I've seen people use caulking and tape on baseboards for clean cut ins, I'm assuming I can do the same thing here, ya? Get my finish coat on the trim, let it dry sufficiently. Use some low/medium adhesive tape - even though it will only be on the trim briefly, I don't want it messing up the finish coat.

Apply some clear caulking to the masked spot, hit it with the wall color, remove the tape and I should have a clean, straight line, ya? 
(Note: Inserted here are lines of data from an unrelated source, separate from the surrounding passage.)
(* Let $T=(V,E)$ be a tree rooted at $o$ with edge lengths $\ell:E\to\mathbb{R}_{>0}$. Let $X_1,X_2,X_3,X_4\subseteq V$ and $e\in E\cup V$. Then $\mathrm{mst}_e(X_1\cup X_2)\le \mathrm{mst}_e(X_1)+\mathrm{mst}_e(X_2)$, $\mathrm{mst}_e(X_2)+\mathrm{mst}_e(X_1\cup X_2\cup X_3)\le \mathrm{mst}_e(X_1\cup X_2)+\mathrm{mst}_e(X_2\cup X_3)$, and $\mathrm{mst}_e(X_1\cup X_2\cup X_3)+\mathrm{mst}_e(X_2\cup X_3\cup X_4)\le \mathrm{mst}_e(X_1\cup X_2)+\mathrm{mst}_e(X_2\cup X_3)+\mathrm{mst}_e(X_3\cup X_4)$.
   Context: For $v\in V$, $V_v$ is the set of descendants of $v$ in $T$ (including $v$); for an edge $e=(u,v)$ with $v$ the child, $V_e=V_v$. For $X\subseteq V$, $\mathrm{mst}(X)$ is the total length of the minimal subtree of $T$ containing $X\cup\{o\}$ (so $\mathrm{mst}(\emptyset)=0$), and for $e\in E\cup V$, $\mathrm{mst}_e(X)=\mathrm{mst}(V_e\cap X)$. *)

theory Defs
  imports Complex_Main
begin

text \<open>A finite tree rooted at r (the root o) is given by its vertex set V and a parent map par
  (convention: par o = o, written with r).\<close>

definition rooted_tree :: "'a set \<Rightarrow> 'a \<Rightarrow> ('a \<Rightarrow> 'a) \<Rightarrow> bool" where
  "rooted_tree V r par \<longleftrightarrow> finite V \<and> r \<in> V \<and> par r = r \<and>
     (\<forall>v\<in>V. par v \<in> V) \<and> (\<forall>v\<in>V. \<exists>n. (par ^^ n) v = r)"

definition tree_edges :: "'a set \<Rightarrow> 'a \<Rightarrow> ('a \<Rightarrow> 'a) \<Rightarrow> ('a \<times> 'a) set" where
  "tree_edges V r par = {(par v, v) | v. v \<in> V \<and> v \<noteq> r}"

definition desc :: "'a set \<Rightarrow> ('a \<Rightarrow> 'a) \<Rightarrow> 'a \<Rightarrow> 'a set" where
  "desc V par v = {w \<in> V. \<exists>n. (par ^^ n) w = v}"

fun desc_el :: "'a set \<Rightarrow> ('a \<Rightarrow> 'a) \<Rightarrow> ('a \<times> 'a) + 'a \<Rightarrow> 'a set" where
  "desc_el V par (Inl (u, v)) = desc V par v"
| "desc_el V par (Inr v) = desc V par v"

definition root_path_edges :: "'a \<Rightarrow> ('a \<Rightarrow> 'a) \<Rightarrow> 'a \<Rightarrow> ('a \<times> 'a) set" where
  "root_path_edges r par x = {(par w, w) | w. w \<noteq> r \<and> (\<exists>n. (par ^^ n) x = w)}"

text \<open>Edge set of the minimal subtree containing X \<union> {r}: the union of root paths.\<close>
definition mst_edges :: "'a \<Rightarrow> ('a \<Rightarrow> 'a) \<Rightarrow> 'a set \<Rightarrow> ('a \<times> 'a) set" where
  "mst_edges r par X = (\<Union>x\<in>X. root_path_edges r par x)"

definition mst :: "'a \<Rightarrow> ('a \<Rightarrow> 'a) \<Rightarrow> ('a \<times> 'a \<Rightarrow> real) \<Rightarrow> 'a set \<Rightarrow> real" where
  "mst r par len X = sum len (mst_edges r par X)"

definition mst_at :: "'a set \<Rightarrow> 'a \<Rightarrow> ('a \<Rightarrow> 'a) \<Rightarrow> ('a \<times> 'a \<Rightarrow> real)
    \<Rightarrow> ('a \<times> 'a) + 'a \<Rightarrow> 'a set \<Rightarrow> real" where
  "mst_at V r par len e X = mst r par len (desc_el V par e \<inter> X)"

end

theory Submission
  imports Defs
begin

text \<open>The edge set of the minimal subtree spanned by X and the root is the union of the root
  paths of the points of X, so mst is a weighted coverage function: monotone, subadditive and
  submodular.  Intersecting with the descendant set V_e commutes with unions, so mst_e inherits
  these properties.  The first two inequalities are subadditivity and submodularity (the latter
  applied to X1 \<union> X2 and X2 \<union> X3, whose intersection contains X2); the third is the sum of
  two instances of the second, for (X1, X2, X3) and (X2, X3, X4), together with subadditivity
  for X2 \<union> X3.\<close>

lemma funpow_parent_in_tree:
  assumes "rooted_tree V r par" "x \<in> V"
  shows "(par ^^ n) x \<in> V"
  using assms by (induction n) (auto simp: rooted_tree_def)

lemma finite_tree_edges:
  assumes "rooted_tree V r par"
  shows "finite (tree_edges V r par)"
proof -
  have "tree_edges V r par = (\<lambda>v. (par v, v)) ` (V - {r})"
    unfolding tree_edges_def by blast
  then show ?thesis
    using assms by (simp add: rooted_tree_def)
qed

lemma mst_edges_subset_tree_edges:
  assumes "rooted_tree V r par" "X \<subseteq> V"
  shows "mst_edges r par X \<subseteq> tree_edges V r par"
proof
  fix ed
  assume "ed \<in> mst_edges r par X"
  then obtain x w n where "x \<in> X" "ed = (par w, w)" "w \<noteq> r" "(par ^^ n) x = w"
    unfolding mst_edges_def root_path_edges_def by blast
  moreover have "w \<in> V"
    using funpow_parent_in_tree[OF assms(1), of x n] assms(2) calculation by auto
  ultimately show "ed \<in> tree_edges V r par"
    unfolding tree_edges_def by blast
qed

lemma finite_mst_edges:
  assumes "rooted_tree V r par" "X \<subseteq> V"
  shows "finite (mst_edges r par X)"
  using mst_edges_subset_tree_edges[OF assms] finite_tree_edges[OF assms(1)]
  by (rule finite_subset)

lemma mst_edges_Un: "mst_edges r par (X \<union> Y) = mst_edges r par X \<union> mst_edges r par Y"
  unfolding mst_edges_def by blast

lemma mst_edges_mono: "X \<subseteq> Y \<Longrightarrow> mst_edges r par X \<subseteq> mst_edges r par Y"
  unfolding mst_edges_def by blast

lemma mst_mono:
  assumes "rooted_tree V r par" "\<forall>ed\<in>tree_edges V r par. len ed \<ge> 0" "X \<subseteq> Y" "Y \<subseteq> V"
  shows "mst r par len X \<le> mst r par len Y"
  unfolding mst_def
proof (rule sum_mono2)
  show "finite (mst_edges r par Y)"
    using assms(1,4) by (rule finite_mst_edges)
  show "mst_edges r par X \<subseteq> mst_edges r par Y"
    using assms(3) by (rule mst_edges_mono)
  show "0 \<le> len ed" if "ed \<in> mst_edges r par Y - mst_edges r par X" for ed
    using assms(2) mst_edges_subset_tree_edges[OF assms(1,4)] that by blast
qed

lemma mst_nonneg:
  assumes "rooted_tree V r par" "\<forall>ed\<in>tree_edges V r par. len ed \<ge> 0" "X \<subseteq> V"
  shows "0 \<le> mst r par len X"
  unfolding mst_def
  using assms(2) mst_edges_subset_tree_edges[OF assms(1,3)] by (intro sum_nonneg) blast

lemma mst_submodular:
  assumes "rooted_tree V r par" "\<forall>ed\<in>tree_edges V r par. len ed \<ge> 0" "X \<subseteq> V" "Y \<subseteq> V"
  shows "mst r par len (X \<union> Y) + mst r par len (X \<inter> Y) \<le> mst r par len X + mst r par len Y"
proof -
  let ?E = "mst_edges r par"
  have fin: "finite (?E X)" "finite (?E Y)"
    using finite_mst_edges[OF assms(1)] assms(3,4) by blast+
  have "sum len (?E (X \<inter> Y)) \<le> sum len (?E X \<inter> ?E Y)"
  proof (rule sum_mono2)
    show "?E (X \<inter> Y) \<subseteq> ?E X \<inter> ?E Y"
      by (simp add: mst_edges_mono)
    show "0 \<le> len ed" if "ed \<in> ?E X \<inter> ?E Y - ?E (X \<inter> Y)" for ed
      using assms(2) mst_edges_subset_tree_edges[OF assms(1,3)] that by blast
  qed (use fin in blast)
  moreover have "sum len (?E X \<union> ?E Y) + sum len (?E X \<inter> ?E Y)
      = sum len (?E X) + sum len (?E Y)"
    using fin by (rule sum.union_inter)
  ultimately show ?thesis
    unfolding mst_def mst_edges_Un by linarith
qed

lemma mst_Un_le:
  assumes "rooted_tree V r par" "\<forall>ed\<in>tree_edges V r par. len ed \<ge> 0" "X \<subseteq> V" "Y \<subseteq> V"
  shows "mst r par len (X \<union> Y) \<le> mst r par len X + mst r par len Y"
proof -
  have "0 \<le> mst r par len (X \<inter> Y)"
    using assms(3) by (intro mst_nonneg[OF assms(1,2)]) blast
  then show ?thesis
    using mst_submodular[OF assms] by linarith
qed

lemma desc_el_subset: "desc_el V par e \<subseteq> V"
  by (cases e) (auto simp: desc_def)

lemma mst_at_Un_le:
  assumes "rooted_tree V r par" "\<forall>ed\<in>tree_edges V r par. len ed \<ge> 0"
  shows "mst_at V r par len e (X \<union> Y) \<le> mst_at V r par len e X + mst_at V r par len e Y"
proof -
  let ?D = "desc_el V par e"
  have "?D \<inter> X \<subseteq> V" "?D \<inter> Y \<subseteq> V"
    using desc_el_subset[of V par e] by blast+
  then have "mst r par len ((?D \<inter> X) \<union> (?D \<inter> Y))
      \<le> mst r par len (?D \<inter> X) + mst r par len (?D \<inter> Y)"
    by (rule mst_Un_le[OF assms])
  then show ?thesis
    unfolding mst_at_def by (simp only: Int_Un_distrib)
qed

lemma mst_at_submodular:
  assumes "rooted_tree V r par" "\<forall>ed\<in>tree_edges V r par. len ed \<ge> 0"
  shows "mst_at V r par len e Y + mst_at V r par len e (X \<union> Y \<union> Z)
           \<le> mst_at V r par len e (X \<union> Y) + mst_at V r par len e (Y \<union> Z)"
proof -
  let ?D = "desc_el V par e"
  let ?m = "mst r par len"
  have D: "?D \<inter> S \<subseteq> V" for S
    using desc_el_subset[of V par e] by blast
  have union: "?D \<inter> (X \<union> Y \<union> Z) = (?D \<inter> (X \<union> Y)) \<union> (?D \<inter> (Y \<union> Z))"
    by blast
  have "?m (?D \<inter> Y) \<le> ?m ((?D \<inter> (X \<union> Y)) \<inter> (?D \<inter> (Y \<union> Z)))"
    using D by (intro mst_mono[OF assms]) blast+
  then show ?thesis
    using mst_submodular[OF assms D[of "X \<union> Y"] D[of "Y \<union> Z"]]
    unfolding mst_at_def union by linarith
qed

theorem lemma3p1:
  fixes V :: "'a set" and r :: 'a and par :: "'a \<Rightarrow> 'a" and len :: "'a \<times> 'a \<Rightarrow> real"
    and X1 X2 X3 X4 :: "'a set" and e :: "('a \<times> 'a) + 'a"
  assumes "rooted_tree V r par"
    and "\<forall>ed\<in>tree_edges V r par. len ed > 0"
    and "X1 \<subseteq> V" "X2 \<subseteq> V" "X3 \<subseteq> V" "X4 \<subseteq> V"
    and "e \<in> Inl ` tree_edges V r par \<union> Inr ` V"
  shows "(mst_at V r par len e (X1 \<union> X2) \<le> mst_at V r par len e X1 + mst_at V r par len e X2) \<and>
         (mst_at V r par len e X2 + mst_at V r par len e (X1 \<union> X2 \<union> X3)
           \<le> mst_at V r par len e (X1 \<union> X2) + mst_at V r par len e (X2 \<union> X3)) \<and>
         (mst_at V r par len e (X1 \<union> X2 \<union> X3) + mst_at V r par len e (X2 \<union> X3 \<union> X4)
           \<le> mst_at V r par len e (X1 \<union> X2) + mst_at V r par len e (X2 \<union> X3)
              + mst_at V r par len e (X3 \<union> X4))"
proof -
  have nonneg: "\<forall>ed\<in>tree_edges V r par. len ed \<ge> 0"
    using assms(2) by (simp add: less_imp_le)
  let ?F = "mst_at V r par len e"
  note subadd = mst_at_Un_le[OF assms(1) nonneg, of e]
  note submod = mst_at_submodular[OF assms(1) nonneg, of e]
  have "?F X2 + ?F (X1 \<union> X2 \<union> X3) \<le> ?F (X1 \<union> X2) + ?F (X2 \<union> X3)"
    by (rule submod)
  moreover have "?F X3 + ?F (X2 \<union> X3 \<union> X4) \<le> ?F (X2 \<union> X3) + ?F (X3 \<union> X4)"
    by (rule submod)
  moreover have "?F (X2 \<union> X3) \<le> ?F X2 + ?F X3"
    by (rule subadd)
  ultimately show ?thesis
    using subadd[of X1 X2] by linarith
qed

end
(* The morphism of algebraic patterns $\Xi^{\mathrm{op}}\colon\Theta^{\mathrm{op}}\to\Theta^{\mathrm{op}}$ is a strong Segal morphism: for every $T\in\Theta$ the induced functor $\Theta^{\mathrm{el}}_{/T}\to\Theta^{\mathrm{el}}_{/\Xi T}$ is final.
   Context: $\Theta$ is Joyal's cell category (strict $\omega$-categories free on globular sums); inert morphisms are those free on morphisms of $\omega$-graphs between globular sums, elementary objects are the globes $\mathbf D_n$, and $\Theta^{\mathrm{el}}_{/T}$ denotes the category of inert morphisms $E\to T$ in $\Theta$ with $E$ elementary. $\Xi$ is the suspension, with $\Xi\mathbf D_n=\mathbf D_{n+1}$. Every $T\in\Theta$ has a unique globular presentation $T\simeq\mathbf D_{n_1}\amalg_{\mathbf D_{m_1}}\cdots\amalg_{\mathbf D_{m_{p-1}}}\mathbf D_{n_p}$ with $m_i<n_i,n_{i+1}$, and the corresponding zigzag diagram is final in $\Theta^{\mathrm{el}}_{/T}$. *)

theory Defs
  imports "HOL-Analysis.Analysis"
begin

text \<open>A cell of the globe D_n is (k, b): for k < n there are two k-cells, the
  iterated source (Src) and the iterated target (Tgt); the unique n-cell is (n, Top).\<close>

datatype gkind = Src | Tgt | Top

definition globe_cell :: "nat \<Rightarrow> nat \<times> gkind \<Rightarrow> bool" where
  "globe_cell n c \<longleftrightarrow> (fst c < n \<and> snd c \<noteq> Top) \<or> (fst c = n \<and> snd c = Top)"

text \<open>A globular sum is given by its globular presentation
  D_{n_1} \<amalg>_{D_{m_1}} ... \<amalg>_{D_{m_{p-1}}} D_{n_p}, encoded by the lists
  ns = [n_1,...,n_p] and ms = [m_1,...,m_{p-1}] with m_i < n_i, n_{i+1}.\<close>

definition glob_pres :: "nat list \<Rightarrow> nat list \<Rightarrow> bool" where
  "glob_pres ns ms \<longleftrightarrow> ns \<noteq> [] \<and> length ns = Suc (length ms) \<and>
     (\<forall>i < length ms. ms ! i < ns ! i \<and> ms ! i < ns ! Suc i)"

type_synonym rawcell = "nat \<times> nat \<times> gkind"

text \<open>Cells of the disjoint union of the globes (i = index of the globe).\<close>

definition raw_cells :: "nat list \<Rightarrow> rawcell set" where
  "raw_cells ns = {(i, k, b). i < length ns \<and> globe_cell (ns ! i) (k, b)}"

text \<open>Gluing: the target copy of D_{m_i} in the i-th globe is identified with the
  source copy of D_{m_i} in the (i+1)-st globe.\<close>

definition glue :: "nat list \<Rightarrow> (rawcell \<times> rawcell) set" where
  "glue ms = {((i, k, b), (Suc i, k, b)) | i k b. i < length ms \<and> k < ms ! i \<and> b \<noteq> Top}
           \<union> {((i, ms ! i, Tgt), (Suc i, ms ! i, Src)) | i. i < length ms}"

text \<open>The equivalence relation whose quotient is the colimit (computed levelwise).\<close>

definition cell_equiv :: "nat list \<Rightarrow> nat list \<Rightarrow> (rawcell \<times> rawcell) set" where
  "cell_equiv ns ms = (glue ms \<union> (glue ms)\<inverse>)\<^sup>* \<inter> (raw_cells ns \<times> raw_cells ns)"

definition gcells :: "nat list \<Rightarrow> nat list \<Rightarrow> rawcell set set" where
  "gcells ns ms = raw_cells ns // cell_equiv ns ms"

text \<open>This is the (poset) category
  Theta^el_{/T}: objects are the inert maps D_k \<rightarrow> T, i.e. k-cells of T, and a
  morphism is an inert D_k \<rightarrow> D_l over T (at most one, T being a pasting diagram).\<close>

definition face_step :: "nat list \<Rightarrow> nat list \<Rightarrow> (rawcell set \<times> rawcell set) set" where
  "face_step ns ms = {(X, Y). X \<in> gcells ns ms \<and> Y \<in> gcells ns ms \<and>
      (\<exists>i k b k' b'. (i, k, b) \<in> X \<and> (i, k', b') \<in> Y \<and> k < k')}"

definition el_le :: "nat list \<Rightarrow> nat list \<Rightarrow> rawcell set \<Rightarrow> rawcell set \<Rightarrow> bool" where
  "el_le ns ms X Y \<longleftrightarrow> X \<in> gcells ns ms \<and> Y \<in> gcells ns ms \<and> (X, Y) \<in> (face_step ns ms)\<^sup>*"

text \<open>Xi D_n = D_{n+1} and Xi preserves globular sums, so Xi T has presentation
  with all n_i, m_i shifted by one. On cells, Xi sends a k-cell to a (k+1)-cell.\<close>

definition susp_pres :: "nat list \<Rightarrow> nat list" where
  "susp_pres xs = map Suc xs"

definition susp_raw :: "rawcell \<Rightarrow> rawcell" where
  "susp_raw c = (case c of (i, k, b) \<Rightarrow> (i, Suc k, b))"

definition susp_el :: "nat list \<Rightarrow> nat list \<Rightarrow> rawcell set \<Rightarrow> rawcell set" where
  "susp_el ns ms X = cell_equiv (susp_pres ns) (susp_pres ms) `` (susp_raw ` X)"

text \<open>Classifying space of a finite poset P: geometric realization of its nerve,
  i.e. of its order complex, realized inside R^P.\<close>

definition poset_realization :: "'a set \<Rightarrow> ('a \<Rightarrow> 'a \<Rightarrow> bool) \<Rightarrow> ('a \<Rightarrow> real) topology" where
  "poset_realization P le = subtopology (powertop_real P)
     {f \<in> topspace (powertop_real P). (\<forall>x\<in>P. 0 \<le> f x) \<and> sum f P = 1 \<and>
        (\<forall>x\<in>P. \<forall>y\<in>P. f x \<noteq> 0 \<longrightarrow> f y \<noteq> 0 \<longrightarrow> le x y \<or> le y x)}"

definition weakly_contractible_poset :: "'a set \<Rightarrow> ('a \<Rightarrow> 'a \<Rightarrow> bool) \<Rightarrow> bool" where
  "weakly_contractible_poset P le \<longleftrightarrow>
     finite P \<and> P \<noteq> {} \<and> contractible_space (poset_realization P le)"

text \<open>A functor F : P \<rightarrow> Q of finite posets is final iff for every y in Q the comma
  category y/F = {x. y \<le> F x} is weakly contractible.\<close>

definition final_poset_functor ::
  "'a set \<Rightarrow> ('a \<Rightarrow> 'a \<Rightarrow> bool) \<Rightarrow> 'b set \<Rightarrow> ('b \<Rightarrow> 'b \<Rightarrow> bool) \<Rightarrow> ('a \<Rightarrow> 'b) \<Rightarrow> bool" where
  "final_poset_functor P leP Q leQ F \<longleftrightarrow>
     (\<forall>y\<in>Q. weakly_contractible_poset {x \<in> P. leQ y (F x)} leP)"

end

theory Submission
  imports Defs
begin

text \<open>If \<open>y\<close> is one of the two vertices of \<open>\<Xi> T\<close>, every suspended cell lies above it, so
  the comma poset \<open>y/\<Xi>\<close> is the whole poset of cells of \<open>T\<close>. That poset is dismantlable:
  adding the globes of the presentation one at a time, the top cell of the new globe is
  dominated by the cell \<open>D_{m_j}\<close> along which it is glued, and every other new cell by
  that top cell; removing a dominated point \<open>p\<close> is a deformation retraction of the order
  complex (shift the weight of \<open>p\<close> onto a dominating point). If \<open>y\<close> has positive dimension,
  it is the suspension of a cell \<open>x\<close>, and since suspension reflects the face order,
  \<open>y/\<Xi>\<close> has least element \<open>x\<close>.\<close>

section \<open>Dismantlable posets are weakly contractible\<close>

definition comparable :: "('a \<Rightarrow> 'a \<Rightarrow> bool) \<Rightarrow> 'a \<Rightarrow> 'a \<Rightarrow> bool" where
  "comparable le x y \<longleftrightarrow> le x y \<or> le y x"

definition chain_weights :: "'a set \<Rightarrow> ('a \<Rightarrow> 'a \<Rightarrow> bool) \<Rightarrow> 'a set \<Rightarrow> ('a \<Rightarrow> real) set" where
  "chain_weights P le S = {f \<in> topspace (powertop_real P). (\<forall>x\<in>P. 0 \<le> f x) \<and> sum f P = 1 \<and>
     (\<forall>x\<in>P. \<forall>y\<in>P. f x \<noteq> 0 \<longrightarrow> f y \<noteq> 0 \<longrightarrow> comparable le x y) \<and> (\<forall>x\<in>P - S. f x = 0)}"

lemma poset_realization_eq_chain_weights:
  "poset_realization P le = subtopology (powertop_real P) (chain_weights P le P)"
  by (simp add: poset_realization_def chain_weights_def comparable_def)

lemma chain_weights_insert:
  assumes "p \<in> P" "p \<notin> S"
  shows "chain_weights P le S = {f \<in> chain_weights P le (insert p S). f p = 0}"
  using assms by (auto simp: chain_weights_def)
Am I missing anything here?


----------



## SemiproJohn (Jul 29, 2013)

beedoola said:


> working at a place with lath and plaster walls and the seam where the side of the door trim and the walls meet isn't that even. I put a slight amount of caulking in there to even things out - not to build out a curve, I want to keep whatever (or close enough) 90 degree angle was there, but there is little waves and divots.
> 
> I've seen people use caulking and tape on baseboards for clean cut ins, I'm assuming I can do the same thing here, ya? Get my finish coat on the trim, let it dry sufficiently. Use some low/medium adhesive tape - even though it will only be on the trim briefly, I don't want it messing up the finish coat.
> 
> ...


You have the right idea. Best-case scenario is to remove the tape before the caulk has time to set up. If you let the caulk dry completely, you run the risk of pulling some of the wall paint and your straight line is no longer straight.

If you use yellow frog tape and seal the edge with a damp rag (or damp rag wrapped around a blade), I think you have as good a chance of achieving your intended results as you do with the caulk method. If you need to cut in twice and have caulked the tape, the caulk will have set before you can remove the tape and you run the risk of pulling the wall paint if don't score the trim/wall border with a knife first. That can work great, but sometimes not so great. Trust me. Applying "just enough" pressure with a utility knife/box cutter takes practice, and you will leave a visible scored line if you get heavy with the pressure.


----------



## beedoola (May 18, 2015)

SemiproJohn said:


> You have the right idea. Best-case scenario is to remove the tape before the caulk has time to set up. If you let the caulk dry completely, you run the risk of pulling some of the wall paint and your straight line is no longer straight.
> 
> If you use yellow frog tape and seal the edge with a damp rag (or damp rag wrapped around a blade), I think you have as good a chance of achieving your intended results as you do with the caulk method. If you need to cut in twice and have caulked the tape, the caulk will have set before you can remove the tape and you run the risk of pulling the wall paint if don't score the trim/wall border with a knife first. That can work great, but sometimes not so great. Trust me. Applying "just enough" pressure with a utility knife/box cutter takes practice, and you will leave a visible scored line if you get heavy with the pressure.


Yeah, I meant to say that I'd just hit the fresh caulk with the paint, make sure it covers (I'm talking about the wall color) and then pull the tape so the caulking is still wet/not set up.


----------